Whenever possible, make sure you understand critical suppliers of your suppliers. Outages or disruptions in your fourth parties could lead to significant outages in your third parties. You may not be able to collect control data around your fourth parties, as they typically do not have an obligation to answer questions or assessments from downstream clients, but by understanding who the fourth parties are and what services they provide you can understand if there will be any future issues if the fourth parties stop providing services.

Inherent risk of the engagement should primarily focus on the service or product

When performing an inherent risk assessment, you should think of the risk of the engagement abstracted from the vendor you are selecting. Instead of assessing the risk of using ABC corp for a CRM tool provider, think of the risks of using a third-party CRM tool. You then reach out to the vendor during due diligence to see what they do to protect your organization from their risks.

However, there are times where you must think about the specific vendor in the inherent risk. Specific vendors may provide specific risks, such as geographical location, political or market implications, and contractual obligations. These risks are usually harder to judge in a standardized assessment, but should be considered by the TPRM team.

Document compensating controls and unique contractual requirements

During the due diligence process, you may find the vendors lack sufficient controls or safeguards to adequately mitigate the inherent risk. One option is to select a different vendor. Another option to set up safeguards performed by the organization to compensate. These should be documented in a control library and be tested along with other key operational controls. For example, a control that specifies the organization doesn't enter PII into a system that has been determined to lack sufficient controls should be owned by the application owner and tested on a regular basis.

Specific contractual language can also be documented as controls for the business to perform. A requirement to provide monthly feedback or case studies could be something documented. A requirement to maintain specific standards can also be documented. This ensures a way to track compliance with the contract.

Frequently Asked Questions

What data should I have in place before I get started?

The following table list of data types to consider when implementing this solution.

Application	Format	Priority
Business Unit	A list of organizational units with owners	Required
Third Parties	A list of suppliers, vendors, or other third parties	Required
Contacts	A list of key stakeholders, third party contacts, or employees.	Recommended
Business Processes	A list of business processes or functions	Recommended
Products and Services	A list of services/products that your organization offers to it’s customers or clients	Optional
Applications	A list of software	Optional
Contracts	A list of contracts with suppliers	Optional

Can I change the questions on the procedures?

Yes. You can make changes to questions to meet your business needs. Changing the values lists of results and adding additional questions can make this application better align with your program.

If we are not ready for control tests, is there a way to still mark the effectiveness of the controls?

Yes. Navigate to the controls application as an admin, then modify Control Effectiveness Rating to be a manually-set field. This allows users to select the control effectiveness right on the control, simplifying the process.

You may also want to remove the full control tests from the layout and related testing fields. Additionally, you can make Control Effectiveness Rating a private field and assign users and groups access to it.

How can I give everyone access to create supplier request forms?

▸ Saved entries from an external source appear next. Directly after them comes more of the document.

lemma ex1_max_entropy:
  assumes "finite S" "Mod S R \<noteq> {}"
  shows "\<exists>!P. P \<in> Mod S R \<and> (\<forall>Q\<in>Mod S R. entropy S Q \<le> entropy S P)"
proof (rule ex_ex1I)
  show "\<exists>P. P \<in> Mod S R \<and> (\<forall>Q\<in>Mod S R. entropy S Q \<le> entropy S P)"
    using continuous_attains_sup[OF compact_Mod[OF assms(1)] assms(2) continuous_on_entropy]
    by blast
next
  fix P P'
  assume P: "P \<in> Mod S R \<and> (\<forall>Q\<in>Mod S R. entropy S Q \<le> entropy S P)"
    and P': "P' \<in> Mod S R \<and> (\<forall>Q\<in>Mod S R. entropy S Q \<le> entropy S P')"
  show "P = P'"
  proof (rule ccontr)
    assume "P \<noteq> P'"
    let ?M = "\<lambda>v. (P v + P' v) / 2"
    have dist: "is_dist S P" "is_dist S P'"
      using P P' by (auto simp: Mod_def)
    then obtain v where v: "v \<in> Pow S" "P v \<noteq> P' v"
      using \<open>P \<noteq> P'\<close> unfolding is_dist_def fun_eq_iff by metis
    have "?M x * ln (?M x) \<le> (P x * ln (P x) + P' x * ln (P' x)) / 2" if "x \<in> Pow S" for x
      using dist that by (intro xlnx_midpoint_le) (auto simp: is_dist_def)
    moreover have "?M v * ln (?M v) < (P v * ln (P v) + P' v * ln (P' v)) / 2"
      using dist v by (intro xlnx_midpoint_less) (auto simp: is_dist_def)
    ultimately have "(\<Sum>v\<in>Pow S. ?M v * ln (?M v))
        < (\<Sum>v\<in>Pow S. (P v * ln (P v) + P' v * ln (P' v)) / 2)"
      using assms(1) v(1) by (intro sum_strict_mono_ex1) auto
    then have "(entropy S P + entropy S P') / 2 < entropy S ?M"
      unfolding entropy_def by (simp add: sum.distrib sum_divide_distrib[symmetric])
    moreover have "entropy S ?M \<le> entropy S P" "entropy S P' \<le> entropy S P"
      "entropy S P \<le> entropy S P'"
      using P P' midpoint_in_Mod by blast+
    ultimately show False
      by simp
  qed
qed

With the new user experience in SaaS, you can create a new supplier request form, copy the link, and provide it to users. Additionally, admins can put a quick link on a user’s default dashboard. Users must have an account in Archer with the proper roles (Supplier request form (C)) in order to create supplier request forms within Archer.

If you're providing this link to employees outside of Archer or non-provisioned users, it's recommended to use Archer Engage.